- _How to complete this task_:
In full and unaltered, output the records below.

- _Dataset extract_:

lemma cinner_hermitian_real:
  assumes "hermitian M"
  shows "cinner u (M *v u) \<in> \<real>"
proof -
  have M: "cnj (M $ i $ j) = M $ j $ i" for i j
    using assms unfolding hermitian_def by metis
  have expand: "cinner u (M *v u) = (\<Sum>i\<in>UNIV. \<Sum>j\<in>UNIV. cnj (u$i) * M$i$j * u$j)"
    unfolding cinner_def matrix_vector_mult_def by (simp add: sum_distrib_left mult.assoc)
  have "cnj (\<Sum>i\<in>UNIV. \<Sum>j\<in>UNIV. cnj (u$i) * M$i$j * u$j) = (\<Sum>i\<in>UNIV. \<Sum>j\<in>UNIV. u$i * M$j$i * cnj (u$j))"
    by (simp only: cnj_sum complex_cnj_mult complex_cnj_cnj M)
  also have "\<dots> = (\<Sum>j\<in>UNIV. \<Sum>i\<in>UNIV. u$i * M$j$i * cnj (u$j))" by (rule sum.swap)
  also have "\<dots> = (\<Sum>i\<in>UNIV. \<Sum>j\<in>UNIV. cnj (u$i) * M$i$j * u$j)" by (simp add: mult_ac)
  finally have "cnj (cinner u (M *v u)) = cinner u (M *v u)" unfolding expand .
  then show ?thesis using Reals_cnj_iff by blast
qed

lemma hermitian_symb:
  assumes "\<forall>j. hermitian (A j t x)"
  shows "hermitian (symb A t x v)"
proof -
  have "cnj (A j t x $ k $ i) = A j t x $ i $ k" for j i k
    using assms unfolding hermitian_def by metis
  then show ?thesis unfolding hermitian_def symb_def
    by (simp add: mat_def)
qed

lemma matrix_vector_mult_sum_left: "(\<Sum>j\<in>S. M j) *v u = (\<Sum>j\<in>S. M j *v u)"
  by (induction S rule: infinite_finite_induct) (simp_all add: matrix_vector_mult_add_rdistrib)

lemma matrix_vector_mult_scaleR_left: "(r *\<^sub>R M) *v u = r *\<^sub>R (M *v (u::'a::real_algebra_1^'n))"
  by (simp add: vec_eq_iff matrix_vector_mult_def scaleR_sum_right)

lemma symb_mult_vector:
  "symb A t x v *v u = fst v *\<^sub>R u + (\<Sum>j\<in>UNIV. snd v $ j *\<^sub>R (A j t x *v u))"
  unfolding symb_def
  by (simp add: matrix_vector_mult_add_rdistrib matrix_vector_mult_scaleR_left matrix_vector_mult_sum_left)

lemma abs_inner_le_onorm:
  assumes "bounded_linear f"
  shows "\<bar>inner u (f u)\<bar> \<le> onorm f * (norm u)\<^sup>2"
proof -
  have "\<bar>inner u (f u)\<bar> \<le> norm u * norm (f u)" by (rule Cauchy_Schwarz_ineq2)
  also have "\<dots> \<le> norm u * (onorm f * norm u)" using onorm[OF assms] by (rule mult_left_mono) simp
  finally show ?thesis by (simp add: power2_eq_square mult_ac)
qed

lemma symb_quadratic_form_ge:
  "(fst v - (\<Sum>j\<in>UNIV. \<bar>snd v $ j\<bar> * onorm (\<lambda>w. A j t x *v w))) * (norm \<eta>)\<^sup>2
     \<le> Re (cinner (cvec \<eta>) (symb A t x v *v cvec \<eta>))"
proof -
  define u where "u = cvec \<eta>"
  define a where "a j = \<bar>snd v $ j\<bar> * onorm (\<lambda>w. A j t x *v w)" for j
  have bound: "\<bar>snd v $ j * inner u (A j t x *v u)\<bar> \<le> a j * (norm u)\<^sup>2" for j
    unfolding a_def abs_mult mult.assoc
    by (intro mult_left_mono abs_inner_le_onorm) auto
  have "- (a j * (norm u)\<^sup>2) \<le> snd v $ j * inner u (A j t x *v u)" for j
    using abs_le_D2[OF bound[of j]] by linarith
  then have "- (\<Sum>j\<in>UNIV. a j) * (norm u)\<^sup>2 \<le> (\<Sum>j\<in>UNIV. snd v $ j * inner u (A j t x *v u))"
    unfolding sum_distrib_right sum_negf[symmetric] mult_minus_left[symmetric] by (rule sum_mono)
  moreover have "Re (cinner u (symb A t x v *v u))
                   = fst v * (norm u)\<^sup>2 + (\<Sum>j\<in>UNIV. snd v $ j * inner u (A j t x *v u))"
    unfolding Re_cinner symb_mult_vector by (simp add: inner_add_right inner_sum_right power2_norm_eq_inner)
  ultimately show ?thesis unfolding u_def a_def[symmetric] by (simp add: algebra_simps)
qed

- _Exercise solution_:
lemma cinner_hermitian_real:
  assumes "hermitian M"
  shows "cinner u (M *v u) \<in> \<real>"
proof -
  have M: "cnj (M $ i $ j) = M $ j $ i" for i j
    using assms unfolding hermitian_def by metis
  have expand: "cinner u (M *v u) = (\<Sum>i\<in>UNIV. \<Sum>j\<in>UNIV. cnj (u$i) * M$i$j * u$j)"
    unfolding cinner_def matrix_vector_mult_def by (simp add: sum_distrib_left mult.assoc)
  have "cnj (\<Sum>i\<in>UNIV. \<Sum>j\<in>UNIV. cnj (u$i) * M$i$j * u$j) = (\<Sum>i\<in>UNIV. \<Sum>j\<in>UNIV. u$i * M$j$i * cnj (u$j))"
    by (simp only: cnj_sum complex_cnj_mult complex_cnj_cnj M)
  also have "\<dots> = (\<Sum>j\<in>UNIV. \<Sum>i\<in>UNIV. u$i * M$j$i * cnj (u$j))" by (rule sum.swap)
  also have "\<dots> = (\<Sum>i\<in>UNIV. \<Sum>j\<in>UNIV. cnj (u$i) * M$i$j * u$j)" by (simp add: mult_ac)
  finally have "cnj (cinner u (M *v u)) = cinner u (M *v u)" unfolding expand .
  then show ?thesis using Reals_cnj_iff by blast
qed

lemma hermitian_symb:
  assumes "\<forall>j. hermitian (A j t x)"
  shows "hermitian (symb A t x v)"
proof -
  have "cnj (A j t x $ k $ i) = A j t x $ i $ k" for j i k
    using assms unfolding hermitian_def by metis
  then show ?thesis unfolding hermitian_def symb_def
    by (simp add: mat_def)
qed

lemma matrix_vector_mult_sum_left: "(\<Sum>j\<in>S. M j) *v u = (\<Sum>j\<in>S. M j *v u)"
  by (induction S rule: infinite_finite_induct) (simp_all add: matrix_vector_mult_add_rdistrib)

lemma matrix_vector_mult_scaleR_left: "(r *\<^sub>R M) *v u = r *\<^sub>R (M *v (u::'a::real_algebra_1^'n))"
  by (simp add: vec_eq_iff matrix_vector_mult_def scaleR_sum_right)

lemma symb_mult_vector:
  "symb A t x v *v u = fst v *\<^sub>R u + (\<Sum>j\<in>UNIV. snd v $ j *\<^sub>R (A j t x *v u))"
  unfolding symb_def
  by (simp add: matrix_vector_mult_add_rdistrib matrix_vector_mult_scaleR_left matrix_vector_mult_sum_left)

lemma abs_inner_le_onorm:
  assumes "bounded_linear f"
  shows "\<bar>inner u (f u)\<bar> \<le> onorm f * (norm u)\<^sup>2"
proof -
  have "\<bar>inner u (f u)\<bar> \<le> norm u * norm (f u)" by (rule Cauchy_Schwarz_ineq2)
  also have "\<dots> \<le> norm u * (onorm f * norm u)" using onorm[OF assms] by (rule mult_left_mono) simp
  finally show ?thesis by (simp add: power2_eq_square mult_ac)
qed

lemma symb_quadratic_form_ge:
  "(fst v - (\<Sum>j\<in>UNIV. \<bar>snd v $ j\<bar> * onorm (\<lambda>w. A j t x *v w))) * (norm \<eta>)\<^sup>2
     \<le> Re (cinner (cvec \<eta>) (symb A t x v *v cvec \<eta>))"
proof -
  define u where "u = cvec \<eta>"
  define a where "a j = \<bar>snd v $ j\<bar> * onorm (\<lambda>w. A j t x *v w)" for j
  have bound: "\<bar>snd v $ j * inner u (A j t x *v u)\<bar> \<le> a j * (norm u)\<^sup>2" for j
    unfolding a_def abs_mult mult.assoc
    by (intro mult_left_mono abs_inner_le_onorm) auto
  have "- (a j * (norm u)\<^sup>2) \<le> snd v $ j * inner u (A j t x *v u)" for j
    using abs_le_D2[OF bound[of j]] by linarith
  then have "- (\<Sum>j\<in>UNIV. a j) * (norm u)\<^sup>2 \<le> (\<Sum>j\<in>UNIV. snd v $ j * inner u (A j t x *v u))"
    unfolding sum_distrib_right sum_negf[symmetric] mult_minus_left[symmetric] by (rule sum_mono)
  moreover have "Re (cinner u (symb A t x v *v u))
                   = fst v * (norm u)\<^sup>2 + (\<Sum>j\<in>UNIV. snd v $ j * inner u (A j t x *v u))"
    unfolding Re_cinner symb_mult_vector by (simp add: inner_add_right inner_sum_right power2_norm_eq_inner)
  ultimately show ?thesis unfolding u_def a_def[symmetric] by (simp add: algebra_simps)
qed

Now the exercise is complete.